Hadoop代写:CA675-TF-IDF

Requirement

Tasks:

  1. Using MapReduce, carry out the following tasks:
  2. Acquire the top 250,000 posts by viewcount (see notes)
  3. Using pig or mapreduce, extract, transform and load the data as applicable
  4. Using mapreduce calculate the per-user TF-IDF (just submit the top 10 terms for each user)
  5. Bonus use elastic mapreduce to execute one or more of these tasks (if so, provide logs / screenshots)
  6. Using hive and/or mapreduce, get:

    1. The top 10 posts by score
    2. The top 10 users by post score
    3. The number of distinct users, who used the word ‘java’ in one of their posts

TF-IDF

The TF-IDF algorithm is used to calculate the relative frequency of a word in a document, as compared to the overall frequency of that word in a collection of documents.

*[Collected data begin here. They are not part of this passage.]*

lemma phi_hom:
  assumes "rcomp T N (OmegaN T N) g h"
  shows "rcomp T' (MII T') (Omega T') (phi g) (phi h) \<and>
    phi (rmult T N (OmegaN T N) g h) = rmult T' (MII T') (Omega T') (phi g) (phi h)"
proof -
  obtain \<omega> c c' where w: "(\<omega>,c) \<in> Rdom T N (OmegaN T N)" "(act \<omega> c, c') \<in> Rdom T N (OmegaN T N)"
    "composable T c c'" "g = rcls T N \<omega> c" "h = rcls T N (act \<omega> c) c'"
    using assms unfolding rcomp_def by blast
  have h1: "\<omega> \<in> OmegaN T N" "c \<in> N" "occ (Lu T c) \<omega>" and c': "c' \<in> N"
    using w(1,2) unfolding Rdom_def by auto
  obtain u where u: "approx_seq T N u" "slim u = \<omega>" using approx_seq_to[OF h1(1)] by blast
  obtain S x0 V S' x0' W where lim: "approx_limit T u S x0 V" "approx_limit T' (phihat \<circ> u) S' x0' W"
    using approx_limits[OF u(1)] by blast
  have \<omega>: "\<omega> = ptclass (S,x0)" using u(2) approx_limit.slim_eq[OF lim(1)] by simp
  obtain e where e: "placed S x0 c e" using h1(3) occ_Lu_ptclass_iff[OF tiling N_MII[OF h1(2)]] \<omega> by auto
  have act: "act \<omega> c = ptclass (S,e)" using act_ptclass[OF tiling N_MII[OF h1(2)] e] \<omega> by simp
  obtain e' where e': "placed S e c' e'"
    using w(2) occ_Lu_ptclass_iff[OF tiling N_MII[OF c']] act unfolding Rdom_def by auto
  obtain E where E: "placed S' x0' (phihat c) E" using phihat_placed[OF u(1) lim h1(2) e] by blast
  note g = phi_rcls_limit[OF u(1) lim h1(2) h1(1)[folded u(2)] h1(3)[folded u(2)]]
    and h = phi_rcls_act[OF u(1) lim h1(2) e E w(2)[unfolded \<omega>]]
  have "occ (Lu T' (phihat c')) (ptclass (S',E))"
    using h(2) act_ptclass[OF tiling' phihat_MII[OF h1(2)] E] unfolding Rdom_def by simp
  then obtain E' where E': "placed S' E (phihat c') E'"
    using occ_Lu_ptclass_iff[OF tiling' phihat_MII[OF c']] by blast
  have pg: "phi g = rcls T' (MII T') (ptclass (S',x0')) (phihat c)" using g(1) w(4) \<omega> by simp
  have ph: "phi h = rcls T' (MII T') (act (ptclass (S',x0')) (phihat c)) (phihat c')"
    using h(1) w(5) \<omega> by simp
  have comp': "composable T' (phihat c) (phihat c')" using phihat_composable[OF h1(2) c' w(3)] .
  have "rcomp T' (MII T') (Omega T') (phi g) (phi h)"
    unfolding rcomp_def using g(2) h(2) comp' pg ph by blast
  moreover have "rmult T N (OmegaN T N) g h = rcls T N (ptclass (S,x0)) (dmult T c c')"
    using rmult_rcls[OF tiling N_subset_MII OmegaN_subset_Omega lim(1) u_MII[OF u(1)]
        w(1,2)[unfolded \<omega>] w(3)] w(4,5) \<omega> by simp
  moreover have "occ (Lu T (dmult T c c')) (ptclass (S,x0))"
    using occ_Lu_ptclass_iff[OF tiling N_MII[OF dmult_in_N[OF h1(2) c' w(3)]]]
      placed_dmult[OF tiling N_MII[OF h1(2)] N_MII[OF c'] w(3) e e'] by blast
  then have "phi (rcls T N (ptclass (S,x0)) (dmult T c c')) =
      rcls T' (MII T') (ptclass (S',x0')) (phihat (dmult T c c'))"
    using phi_rcls_limit(1)[OF u(1) lim dmult_in_N[OF h1(2) c' w(3)]] u(2) h1(1) \<omega> by simp
  moreover have "\<dots> = rcls T' (MII T') (ptclass (S',x0')) (dmult T' (phihat c) (phihat c'))"
    using rcls_phihat_dmult[OF u(1) lim h1(2) c' w(3) e e' E E'] .
  moreover have "\<dots> = rmult T' (MII T') (Omega T') (phi g) (phi h)"
    using rmult_rcls[OF tiling' order_refl order_refl lim(2) phihat_u_MII[OF u(1)] g(2) h(2) comp'] pg ph
    by simp
  ultimately show ?thesis by simp
qed


lemma phihat_unit_rep_at_limit:
  assumes u: "approx_seq T N u" and lim: "approx_limit T u S x0 V"
    and lim': "approx_limit T' (phihat \<circ> u) S' x0' W"
    and w: "w \<in> N" "is_unit T w" and occ: "occ w (ptclass (S,x0))"
  shows "\<exists>P. (P,x0',x0') \<in> phihat w \<and> P \<subseteq> S'"
proof -
  have "placed S x0 w x0" using occ occ_ptclass_iff[OF N_MII[OF w(1)]] by blast
  then obtain E where "placed S' x0' (phihat w) E" using phihat_placed[OF u lim lim' w(1)] by blast
  moreover then have "E = x0'" using phihat_unit_end[OF w] by blast
  ultimately show ?thesis unfolding placed_def by blast
qed

text \<open>The representative of \<open>phihat w\<close> reappears, translated, at every point where \<open>w\<close> occurs,
  and carries the placements of \<open>phihat c\<close> and \<open>c'\<close> along.\<close>

lemma phi_in_Vgen_if_unit_occurs:
  assumes w: "w \<in> N" "is_unit T w" and P: "(P,p',p') \<in> phihat w"
    and c: "c \<in> N" and c': "c' \<in> MII T'"
    and pc: "placed P p' (phihat c) E" and pc': "placed P p' c' E"
    and \<omega>: "(\<omega>,c) \<in> Rdom T N (OmegaN T N)" and occ: "occ w \<omega>"
  shows "phi (rcls T N \<omega> c) \<in> Vgen T' c'"
proof -
  have h: "\<omega> \<in> OmegaN T N" "occ (Lu T c) \<omega>" using \<omega> unfolding Rdom_def by auto
  obtain u where u: "approx_seq T N u" "slim u = \<omega>" using approx_seq_to[OF h(1)] by blast
  obtain S x0 V S' x0' W where lim: "approx_limit T u S x0 V" "approx_limit T' (phihat \<circ> u) S' x0' W"
    using approx_limits[OF u(1)] by blast
  have \<omega>_eq: "\<omega> = ptclass (S,x0)" using u(2) approx_limit.slim_eq[OF lim(1)] by simp
  obtain Q where Q: "(Q,x0',x0') \<in> phihat w" "Q \<subseteq> S'"
    using phihat_unit_rep_at_limit[OF u(1) lim w] occ \<omega>_eq by blast
  obtain a where a: "Q = pat_tr a P" "x0' = tile_tr a p'"
    using Q(1) MII_eq_dpclass[OF phihat_MII[OF w(1)] P] mem_dpclass by metis
  have "placed S' x0' (phihat c) (tile_tr a E)" "placed S' x0' c' (tile_tr a E)"
    using placed_pat_tr[OF phihat_MII[OF c] pc] placed_pat_tr[OF c' pc'] a Q(2) placed_mono by metis+
  then have "rcls T' (MII T') (ptclass (S',x0')) (phihat c) \<in> Vgen T' c'"
    using Vgen_if_placed[OF tiling' lim(2) phihat_u_MII[OF u(1)] phihat_MII[OF c] c'] by blast
  then show ?thesis using phi_rcls_limit(1)[OF u(1) lim c] u(2) h \<omega>_eq by simp
qed

lemma phi_Vgen_nbhd:
  assumes c': "c' \<in> MII T'" and \<omega>: "(\<omega>,c) \<in> Rdom T N (OmegaN T N)"
    and V: "phi (rcls T N \<omega> c) \<in> Vgen T' c'"
  shows "\<exists>w\<in>N. occ w \<omega> \<and> (\<forall>\<omega>1\<in>UU T w. (\<omega>1,c) \<in> Rdom T N (OmegaN T N) \<longrightarrow>
      phi (rcls T N \<omega>1 c) \<in> Vgen T' c')"
proof -
  have h: "\<omega> \<in> OmegaN T N" "c \<in> N" "occ (Lu T c) \<omega>" using \<omega> unfolding Rdom_def by auto
  obtain u where u: "approx_seq T N u" "slim u = \<omega>" using approx_seq_to[OF h(1)] by blast
  obtain S x0 V S' x0' W where lim: "approx_limit T u S x0 V" "approx_limit T' (phihat \<circ> u) S' x0' W"
    using approx_limits[OF u(1)] by blast
  have \<omega>_eq: "\<omega> = ptclass (S,x0)" using u(2) approx_limit.slim_eq[OF lim(1)] by simp
  obtain e where "placed S x0 c e" using h(3) occ_Lu_ptclass_iff[OF tiling N_MII[OF h(2)]] \<omega>_eq by auto
  then obtain E where E: "placed S' x0' (phihat c) E" using phihat_placed[OF u(1) lim h(2)] by blast
  have "rcls T' (MII T') (ptclass (S',x0')) (phihat c) \<in> Vgen T' c'"
    using V phi_rcls_limit(1)[OF u(1) lim h(2)] u(2) h \<omega>_eq by simp
  then have E': "placed S' x0' c' E"
    using placed_if_Vgen[OF tiling' lim(2) phihat_u_MII[OF u(1)] phihat_MII[OF h(2)] c' E] by blast
  obtain K K' where K: "(K,x0',E) \<in> phihat c" "K \<subseteq> S'" "(K',x0',E) \<in> c'" "K' \<subseteq> S'"
    using E E' unfolding placed_def by blast
  have "finite (K \<union> K')"
    using MII_eq_dpclass[OF phihat_MII[OF h(2)] K(1)] MII_eq_dpclass[OF c' K(3)]
    unfolding translated_pattern_def by blast
  then obtain n where n: "K \<union> K' \<subseteq> W n"
    using eventually_happens'[OF sequentially_bot approx_limit.finite_subset_eventually[OF lim(2)]] K
    by blast
  have Wn: "placed (W n) x0' (phihat c) E" "placed (W n) x0' c' E" using K n unfolding placed_def by blast+
  have rep: "(W n, x0', x0') \<in> phihat (u n)" using approx_limit.rep[OF lim(2)] by simp
  have "phi (rcls T N \<omega>1 c) \<in> Vgen T' c'"
    if "(\<omega>1,c) \<in> Rdom T N (OmegaN T N)" "occ (u n) \<omega>1" for \<omega>1
    using phi_in_Vgen_if_unit_occurs[OF approx_seqD(1,2)[OF u(1)] rep h(2) c' Wn that] .
  moreover have "occ (u n) \<omega>"
    using occ_ptclass_iff[OF u_MII[OF u(1)]] approx_limit.rep[OF lim(1)]
      approx_limit.rep_subset[OF lim(1)] \<omega>_eq unfolding placed_def by blast
  ultimately show ?thesis using approx_seqD(1)[OF u(1)] unfolding UU_def by blast
qed

lemma phi_continuous:
  assumes c': "c' \<in> MII T'"
  shows "RN_open T N {g \<in> Rset T N (OmegaN T N). phi g \<in> Vgen T' c'}"
  unfolding RN_open_def dom_open_def
proof (intro conjI ballI, blast, blast)
  fix p assume "p \<in> {p \<in> Rdom T N (OmegaN T N). rcls T N (fst p) (snd p) \<in>
      {g \<in> Rset T N (OmegaN T N). phi g \<in> Vgen T' c'}}"
  then obtain \<omega> c where p: "p = (\<omega>,c)" "(\<omega>,c) \<in> Rdom T N (OmegaN T N)" "phi (rcls T N \<omega> c) \<in> Vgen T' c'"
    by (cases p) auto
  then obtain w where w: "w \<in> N" "occ w \<omega>"
    "\<forall>\<omega>1\<in>UU T w. (\<omega>1,c) \<in> Rdom T N (OmegaN T N) \<longrightarrow> phi (rcls T N \<omega>1 c) \<in> Vgen T' c'"
    using phi_Vgen_nbhd[OF c'] by blast
  have "\<omega> \<in> UU T w" using w(2) p(2) OmegaN_subset_Omega unfolding UU_def Rdom_def by auto
  moreover have "rcls T N \<omega>1 c \<in> Rset T N (OmegaN T N)" if "(\<omega>1,c) \<in> Rdom T N (OmegaN T N)" for \<omega>1
    using that unfolding Rset_def by force
  ultimately show "case p of (\<omega>, c) \<Rightarrow> \<exists>S. Omega_open T S \<and> \<omega> \<in> S \<and>
      (\<forall>\<omega>'\<in>S. (\<omega>', c) \<in> Rdom T N (OmegaN T N) \<longrightarrow> (\<omega>', c) \<in> {p \<in> Rdom T N (OmegaN T N).
        rcls T N (fst p) (snd p) \<in> {g \<in> Rset T N (OmegaN T N). phi g \<in> Vgen T' c'}})"
    using Omega_open_UU[OF tiling N_MII[OF w(1)]] w(3) p(1) by auto
qed

end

This allows you to discover the distinctive words for a particular user or document.

The formula is:

TF(t) = Number of times t appears in the document / Number of words in the document

IDF(t) = log_e(Total number of documents / Number of Documents containing t)

The TFIDF(t) score of the term t is the multiple of those two.

Summary

用Hadoop去计算TF-IDF的时间复杂度还是挺高的,毕竟有很多临时数据要落地,而且Hadoop程序也不是一个就能解决问题的,如果换成Spark的话,应该会高效很多。